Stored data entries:
● ● ● ● ●
(* Let $\pi$ be the policy induced by Dual Gradient Descent with Proxy Assignments with stepsize $\eta=\Theta(\sqrt{K/T})$. Then for every $k\in[K]$, $\mathbb E\big[\widetilde{\textsc{Reg}}_k[\omega_k]\big]=O(\sqrt{T/K})$.
   Context: Model. There are $m$ resources and $n$ arrival types; type $j$ has cost vector $c_j\in\mathbb R^m$ and allowed resources $\mathcal S_j\subseteq[m]$, $\max_{i,j}|c_{ji}|<\infty$. The horizon has $T$ periods partitioned into $K=\Theta(1)$ epochs ($T$ a multiple of $K$), epoch $k$ being $\mathcal T_k=\{(k-1)T/K+1,\dots,kT/K\}$. In period $t$ one arrival of type $j^t$ occurs, $j^1,\dots,j^T$ i.i.d. with $\mathbb P(j^t=j)=p_j$, $p$ not depending on $T$ and unknown to the decision-maker; $\omega_k=(j^t)_{t\in\mathcal T_k}$, $\Lambda_j(t_1:t_2)=\sum_{t_1<\tau\le t_2}\mathbf 1\{j^\tau=j\}$. Feasible decisions: $\mathcal X^t=\{x\in\{0,1\}^m:\sum_ix_i\le1,\ x_i=0\ \forall i\notin\mathcal S_{j^t}\}$. $Z^\pi_{ji}(t)$ counts type-$j$ arrivals assigned to $i$ in periods $1..t$. Each epoch $k$ and resource $i$ has a target $\rho_{ki}\in[0,1]$ and convex $L$-Lipschitz $g_{ki}:[0,1]\to\mathbb R_{\ge0}$ with $g_{ki}(\rho_{ki})=0$. Expectations over arrivals and algorithm decisions; $O(\cdot)$ as $T\to\infty$. Dual Gradient Descent with Proxy Assignments (stepsize $\eta$, initial $\mu^1\in\mathbb R^{K\times m}$): for $t=1,\dots,T$, with $k$ the epoch of $t$: if $t=(k-1)T/K+1$ set $\mu^t_{k'}=\mu^1_{k'}$ for $k'\ge k$; observe $j=j^t$; for every $k'\ge k$ compute $\tilde x^t_{k'}\in\arg\min_{x\in\mathcal X^t}\sum_ix_i(c_{ji}-\mu^t_{k'i})$; implement $x^t=\tilde x^t_k$; compute $a^t\in\arg\min_{a\in[0,1]^{(K+1-k)\times m}}\sum_{k'\ge k}k'\sum_ig_{k'i}\big(\frac{\sum_{t'\le(k-1)T/K}x^{t'}_i}{k'T/K}+\sum_{k''=k}^{k'}\frac{a_{k''i}}{k'}\big)+\sum_{k'\ge k}\sum_i\mu^t_{k'i}a_{k'i}$; update $\mu^{t+1}_{k'}=\mu^t_{k'}+\eta(a^t_{k'}-\tilde x^t_{k'})$ for $k'\ge k$. Proxy quantities. For $k\le k_1\le k_2\le K$: $\widetilde Z^\pi_{ji,k}\big(\frac{(k_1-1)T}K:\frac{k_2T}K\big)=\sum_{t\in\mathcal T_k}\sum_{k''=k_1}^{k_2}\tilde x^t_{k''i}\mathbf 1\{j^t=j\}$, $\widetilde Z^\pi_{i,k}=\sum_j\widetilde Z^\pi_{ji,k}$. Cumulative proxy cost: $\widetilde V^\pi_k[\omega_k\mid z]=\sum_{j,i}c_{ji}\widetilde Z^\pi_{ji,k}\big(\frac{(k-1)T}K:T\big)+\frac TK\sum_{k'\ge k}\sum_ik'g_{k'i}\Big(\frac{z_i+\widetilde Z^\pi_{i,k}((k-1)T/K:k'T/K)}{k'T/K}\Big)$. Proxy offline optimum $\widetilde V^{\textsc{off}}_k[\omega_k\mid z]$: the minimum over nonnegative integers $Z^{(k')}_{ji}$ ($k'\ge k$), zero for $i\notin\mathcal S_j$, with $\sum_iZ^{(k')}_{ji}\le\Lambda_j\big(\frac{(k-1)T}K:\frac{kT}K\big)$ for all $j,k'\ge k$, of $\sum_{j,i}c_{ji}\sum_{k'\ge k}Z^{(k')}_{ji}+\frac TK\sum_{k'\ge k}\sum_ik'g_{k'i}\Big(\frac{z_i+\sum_j\sum_{k''=k}^{k'}Z^{(k'')}_{ji}}{k'T/K}\Big)$. Proxy regret: $\widetilde{\textsc{Reg}}_k[\omega_k]=\widetilde V^\pi_k[\omega_k\mid Z^\pi((k-1)T/K)]-\widetilde V^{\textsc{off}}_k[\omega_k\mid Z^\pi((k-1)T/K)]$ (with $Z^\pi(0)=0$). *)

theory Defs
  imports "HOL-Analysis.Analysis" "HOL-Probability.Probability"
begin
● ● ● ● ●
Exact retyping of every entry is required.

(* Let $\pi$ be the policy induced by Dual Gradient Descent with Proxy Assignments with stepsize $\eta=\Theta(\sqrt{K/T})$. Then for every $k\in[K]$, $\mathbb E\big[\widetilde{\textsc{Reg}}_k[\omega_k]\big]=O(\sqrt{T/K})$.
   Context: Model. There are $m$ resources and $n$ arrival types; type $j$ has cost vector $c_j\in\mathbb R^m$ and allowed resources $\mathcal S_j\subseteq[m]$, $\max_{i,j}|c_{ji}|<\infty$. The horizon has $T$ periods partitioned into $K=\Theta(1)$ epochs ($T$ a multiple of $K$), epoch $k$ being $\mathcal T_k=\{(k-1)T/K+1,\dots,kT/K\}$. In period $t$ one arrival of type $j^t$ occurs, $j^1,\dots,j^T$ i.i.d. with $\mathbb P(j^t=j)=p_j$, $p$ not depending on $T$ and unknown to the decision-maker; $\omega_k=(j^t)_{t\in\mathcal T_k}$, $\Lambda_j(t_1:t_2)=\sum_{t_1<\tau\le t_2}\mathbf 1\{j^\tau=j\}$. Feasible decisions: $\mathcal X^t=\{x\in\{0,1\}^m:\sum_ix_i\le1,\ x_i=0\ \forall i\notin\mathcal S_{j^t}\}$. $Z^\pi_{ji}(t)$ counts type-$j$ arrivals assigned to $i$ in periods $1..t$. Each epoch $k$ and resource $i$ has a target $\rho_{ki}\in[0,1]$ and convex $L$-Lipschitz $g_{ki}:[0,1]\to\mathbb R_{\ge0}$ with $g_{ki}(\rho_{ki})=0$. Expectations over arrivals and algorithm decisions; $O(\cdot)$ as $T\to\infty$. Dual Gradient Descent with Proxy Assignments (stepsize $\eta$, initial $\mu^1\in\mathbb R^{K\times m}$): for $t=1,\dots,T$, with $k$ the epoch of $t$: if $t=(k-1)T/K+1$ set $\mu^t_{k'}=\mu^1_{k'}$ for $k'\ge k$; observe $j=j^t$; for every $k'\ge k$ compute $\tilde x^t_{k'}\in\arg\min_{x\in\mathcal X^t}\sum_ix_i(c_{ji}-\mu^t_{k'i})$; implement $x^t=\tilde x^t_k$; compute $a^t\in\arg\min_{a\in[0,1]^{(K+1-k)\times m}}\sum_{k'\ge k}k'\sum_ig_{k'i}\big(\frac{\sum_{t'\le(k-1)T/K}x^{t'}_i}{k'T/K}+\sum_{k''=k}^{k'}\frac{a_{k''i}}{k'}\big)+\sum_{k'\ge k}\sum_i\mu^t_{k'i}a_{k'i}$; update $\mu^{t+1}_{k'}=\mu^t_{k'}+\eta(a^t_{k'}-\tilde x^t_{k'})$ for $k'\ge k$. Proxy quantities. For $k\le k_1\le k_2\le K$: $\widetilde Z^\pi_{ji,k}\big(\frac{(k_1-1)T}K:\frac{k_2T}K\big)=\sum_{t\in\mathcal T_k}\sum_{k''=k_1}^{k_2}\tilde x^t_{k''i}\mathbf 1\{j^t=j\}$, $\widetilde Z^\pi_{i,k}=\sum_j\widetilde Z^\pi_{ji,k}$. Cumulative proxy cost: $\widetilde V^\pi_k[\omega_k\mid z]=\sum_{j,i}c_{ji}\widetilde Z^\pi_{ji,k}\big(\frac{(k-1)T}K:T\big)+\frac TK\sum_{k'\ge k}\sum_ik'g_{k'i}\Big(\frac{z_i+\widetilde Z^\pi_{i,k}((k-1)T/K:k'T/K)}{k'T/K}\Big)$. Proxy offline optimum $\widetilde V^{\textsc{off}}_k[\omega_k\mid z]$: the minimum over nonnegative integers $Z^{(k')}_{ji}$ ($k'\ge k$), zero for $i\notin\mathcal S_j$, with $\sum_iZ^{(k')}_{ji}\le\Lambda_j\big(\frac{(k-1)T}K:\frac{kT}K\big)$ for all $j,k'\ge k$, of $\sum_{j,i}c_{ji}\sum_{k'\ge k}Z^{(k')}_{ji}+\frac TK\sum_{k'\ge k}\sum_ik'g_{k'i}\Big(\frac{z_i+\sum_j\sum_{k''=k}^{k'}Z^{(k'')}_{ji}}{k'T/K}\Big)$. Proxy regret: $\widetilde{\textsc{Reg}}_k[\omega_k]=\widetilde V^\pi_k[\omega_k\mid Z^\pi((k-1)T/K)]-\widetilde V^{\textsc{off}}_k[\omega_k\mid Z^\pi((k-1)T/K)]$ (with $Z^\pi(0)=0$). *)

theory Defs
  imports "HOL-Analysis.Analysis" "HOL-Probability.Probability"
begin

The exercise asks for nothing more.